Enlarged vestibular aqueduct: a radiological marker of pendred syndrome, and mutation of the PDS gene

Abstract

Although the textbook view of Pendred syndrome is that of an autosomal recessive condition characterized by deafness and goitre, it is increasingly clear that not all such patients present this classical clinical picture. Malformations of the inner ear, specifically enlargement of the vestibular aqueduct, are common in Pendred syndrome and mutations in the PDS (Pendred Syndrome) gene have been recorded in patients presenting with deafness and vestibular aqueduct dilatation only, without other features of Pendred syndrome.
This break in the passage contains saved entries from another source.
theorem mainTheorem5:
  fixes n k r :: nat
    and Ptil :: "bit mat" and y :: "bit vec"
    and EP PiP R EQ PiQ Qr :: "bit mat"
  assumes nk: "n > k" "k \<ge> 1"
    and Ptil: "Ptil \<in> carrier_mat k (n - k)"
    and y: "y \<in> carrier_vec (n - k)"
    and rank: "r = vec_space.rank (n - k) (transpose_mat Ptil)"
    and EP: "EP \<in> carrier_mat (n - k) (n - k)" "invertible_mat EP"
    and PiP: "perm_matrix k PiP"
    and R: "R \<in> carrier_mat r (k - r)"
    and EPblock: "EP * transpose_mat Ptil * PiP =
        four_block_mat (1\<^sub>m r) R (0\<^sub>m (n - k - r) r) (0\<^sub>m (n - k - r) (k - r))"
  defines "rQ \<equiv> n - k - r"
    defines "Q \<equiv> mat (n - k - r) (n - k) (\<lambda>(i, j). EP $$ (r + i, j))"
    defines "Pt \<equiv> R @\<^sub>r 1\<^sub>m (k - r)"
  assumes Qcase: "r < n - k \<Longrightarrow>
        EQ \<in> carrier_mat rQ rQ \<and> invertible_mat EQ \<and> perm_matrix (n - k) PiQ \<and>
        Qr \<in> carrier_mat rQ r \<and> EQ * Q * PiQ = append_cols_mat (1\<^sub>m rQ) Qr"
    and Qfull: "r = n - k \<Longrightarrow> PiQ = 1\<^sub>m (n - k)"
  defines "Qt \<equiv> (if r < n - k then Qr @\<^sub>r 1\<^sub>m r else 1\<^sub>m (n - k))"
    defines "e0 \<equiv> (if r < n - k then ((y \<^sub>v* transpose_mat Q) \<^sub>v* transpose_mat EQ) @\<^sub>v 0\<^sub>v r
              else 0\<^sub>v (n - k))"
    defines "e \<equiv> (\<lambda>epri. ((epri \<^sub>v* transpose_mat Qt) + e0) \<^sub>v* transpose_mat PiQ)"
    defines "z \<equiv> (\<lambda>epri. (e epri + y) \<^sub>v* transpose_mat EP)"
    defines "xe \<equiv> (\<lambda>epri. if k \<le> n - k then vec_first (z epri) k
                        else z epri @\<^sub>v 0\<^sub>v (2 * k - n))"
    defines "Phi \<equiv> (\<lambda>(epri, t). ((xe epri + (t \<^sub>v* transpose_mat Pt)) \<^sub>v* transpose_mat PiP)
                             @\<^sub>v (y + e epri))"
  shows "bij_betw Phi (carrier_vec r \<times> carrier_vec (k - r)) (sys_code k Ptil)
         \<and> card (sys_code k Ptil) = 2 ^ k"
proof -
  have dims: "r + (n - k - r) = n - k" "r + (k - r) = k"
    using arg_cong[OF EPblock, of dim_row] arg_cong[OF EPblock, of dim_col] EP(1) PiP
    unfolding perm_matrix_def by auto
  have Q: "Q \<in> carrier_mat (n - k - r) (n - k)"
    unfolding Q_def by simp
  have "inj_on e (carrier_vec r) \<and>
      (\<forall>epri \<in> carrier_vec r. e epri \<in> carrier_vec (n - k) \<and> Q *\<^sub>v e epri = Q *\<^sub>v y)"
    unfolding e_def Qt_def e0_def vm_transpose
    by (rule error_pattern_map[OF _ Q y Qcase[unfolded rQ_def] Qfull]) (use dims in simp)
  then have e_inj: "inj_on e (carrier_vec r)"
    and e_c: "\<And>epri. epri \<in> carrier_vec r \<Longrightarrow> e epri \<in> carrier_vec (n - k)"
    and syndrome: "\<And>epri. epri \<in> carrier_vec r \<Longrightarrow> Q *\<^sub>v e epri = Q *\<^sub>v y"
    by blast+
  have tail: "z epri = vec_first (z epri) r @\<^sub>v 0\<^sub>v (n - k - r)" if epri: "epri \<in> carrier_vec r" for epri
  proof -
    have "Q *\<^sub>v (e epri + y) = 0\<^sub>v (n - k - r)"
      using mult_add_distrib_mat_vec[OF Q e_c[OF epri] y] syndrome[OF epri] bit_vec_add_self[of "Q *\<^sub>v y"] Q y
      by simp
    then show ?thesis
      using mult_vec_split_rows[of EP r "n - k - r" "n - k" "e epri + y"] EP(1) dims(1) e_c[OF epri] y
      unfolding z_def Q_def by simp
  qed
  have xe_eq: "xe epri = vec_first (z epri) r @\<^sub>v 0\<^sub>v (k - r)" if epri: "epri \<in> carrier_vec r" for epri
  proof -
    have "2 * k - n = k - (n - k)"
      using nk(1) by simp
    then show ?thesis
      using resize_zero_padded[of "vec_first (z epri) r" r k "n - k"] tail[OF epri] dims
      unfolding xe_def by (metis vec_first_carrier le_add1)
  qed
  have "bij_betw Phi (carrier_vec r \<times> carrier_vec (k - r)) (sys_code k Ptil)"
    unfolding Phi_def vm_transpose Pt_def
    by (rule systematic_reencoding_bij_betw[OF EP Ptil PiP R _ EPblock y e_inj e_c])
      (use dims tail xe_eq in \<open>simp_all add: z_def\<close>)
  then show ?thesis
    by (simp add: card_sys_code card_bit_vec_carrier)
qed

end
Since this is the most common radiological malformation of the cochlea in deaf patients, we investigated what proportion of such cases were due to mutation of the PDS gene. We assessed 57 patients referred with radiological evidence of vestibular aqueduct enlargement, by history, clinical examination, perchlorate discharge test and molecular analysis of the PDS locus. Forty-one patients (72%) had unequivocal evidence of Pendred syndrome. The finding of a single heterozygous mutation at the PDS gene in a further eight was strongly suggestive of a critical role for pendrin, the protein product of the PDS gene, in the generation of enlarged vestibular aqueducts in at least 86% (49/57 cases) of patients with this radiological malformation. Securing the diagnosis of Pendred syndrome may be difficult, especially in the single case. Goitre is an inconstant finding, and the perchlorate discharge test, although helpful, is of diagnostic value only if abnormal. Enlargement of the vestibular aqueduct should be considered as the most likely presentation of Pendred syndrome and should prompt specific investigation of that diagnostic possibility. Pendred syndrome might henceforth be recharacterized as deafness with enlargement of the vestibular aqueduct, which is sometimes associated with goitre.